Talk about whiplash, Jo thought. So far this evening, she’d gone from thinking she had a mom, to learning she didn’t have that mom, to discovering who her father was . . . and adding two brothers to her family tree.

Oh, yeah, and then there was the whole vampire thing, too.

Details, details.

But at least she wasn’t the only one who was at the end of the bungee cord of life. Butch, the one with the Boston accent, the one she had seen that first night in the Red Sox baseball hat, the one who had seemed so nice earlier at the scene of all the carnage . . . was also looking a little poleaxed.

Join the club, she thought.

Doc Jane spoke up. “Yup. The bloodline database—which you’d previously given a sample to, but which Manny had not—confirms that you and Jo have a first-degree male ancestry in common with him. You all have the same father.”

“Holy . . . shit.” Butch looked over at the male with the goatee who he’d come in with. “So this means she’s also related to—”

The male cut him off. “We’re going to have to talk about the implications of it all later.”

“Yeah, we’re going to have to.”

When Butch turned to Jo, she rose to her feet and tried to not look as if she were recording every nuance of his face. “So . . . um. Hi.”

She stuck out her hand. And as it floated there on the breeze by its lonesome, she felt foolish and dropped her arm. Just because the male had accepted a guy he already knew so readily did not mean the courtesy had to be extended to a stranger who was more human than his kind. For the moment, at any rate.

“Sorry,” she said as she rubbed her palm on the seat of her jeans.
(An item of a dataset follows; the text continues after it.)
(* If $S\in{\mathcal S}_d({\mathcal U},{\mathcal Y})$ is inner, then every observable weakly coisometric realization of $S$ is commutative.
   Context: Let ${\mathbb B}^d=\{\lambda\in{\mathbb C}^d:\langle\lambda,\lambda\rangle<1\}$. ${\mathcal H}_{\mathcal Y}(k_d)$ is the reproducing kernel Hilbert space of ${\mathcal Y}$-valued functions on ${\mathbb B}^d$ with kernel $k_d(\lambda,\zeta)I_{\mathcal Y}$, $k_d(\lambda,\zeta)=1/(1-\langle\lambda,\zeta\rangle)$. ${\mathcal S}_d({\mathcal U},{\mathcal Y})$ is the set of ${\mathcal L}({\mathcal U},{\mathcal Y})$-valued holomorphic $S$ on ${\mathbb B}^d$ such that $M_S:f\mapsto Sf$ is a contraction from ${\mathcal H}_{\mathcal U}(k_d)$ into ${\mathcal H}_{\mathcal Y}(k_d)$; $S$ is inner if $M_S$ is a partial isometry. A realization: Hilbert space ${\mathcal X}$, $A_j\in{\mathcal L}({\mathcal X})$, $B_j\in{\mathcal L}({\mathcal U},{\mathcal X})$, $C\in{\mathcal L}({\mathcal X},{\mathcal Y})$, $D\in{\mathcal L}({\mathcal U},{\mathcal Y})$, $A=\mathrm{col}(A_j)$, $B=\mathrm{col}(B_j)$, $Z(\lambda)=[\lambda_1I\ \cdots\ \lambda_dI]$, with $S(\lambda)=D+C(I-Z(\lambda)A)^{-1}Z(\lambda)B$; ${\mathbf U}=\begin{bmatrix}A&B\\C&D\end{bmatrix}$. Observable: $C(I-Z(\lambda)A)^{-1}x\equiv0$ implies $x=0$. Weakly coisometric: ${\mathbf U}$ contractive and ${\mathbf U}^*$ isometric on ${\mathcal D}\oplus{\mathcal Y}$, ${\mathcal D}=\overline{\mathrm{span}}\{Z(\zeta)^*(I-A^*Z(\zeta)^* )^{-1}C^*y:\zeta\in{\mathbb B}^d,y\in{\mathcal Y}\}$. Commutative: $A_iA_j=A_jA_i$ for all $i,j$. *)

theory Defs
  imports "HOL-Analysis.Analysis"
begin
“Well, I’m not,” Butch said roughly. “It’s really nice to meet you, sis.”

The next thing she knew, she was being pulled into a hard hug—at the same time Manny was being yanked up off the sofa. Butch had the arm span to hold them both . . . and after a moment, Jo let herself fall into the embraces.

Her brothers.

For the first time in her life, she was among her own family, and part of her was overjoyed, her destination reached, the search over. The problem was, she knew better than to start making Sunday dinner plans for the next seven hundred years. If she didn’t go through her transition, they were going to have to make it so she remembered absolutely nothing about this seminal moment in her life.

Manny had explained how it had to work.

With the war coming to an end, there could be no chances with the secrecy of the race. Especially not with a human . . . who happened to be a reporter.

 

 

About an hour before dawn, Jo was taken back to the real world, and what a chariot she had to ride off into the sunrise with. The long, powerful black Mercedes was, like, Uber Titanium or something—and naturally, it came with a driver in uniform.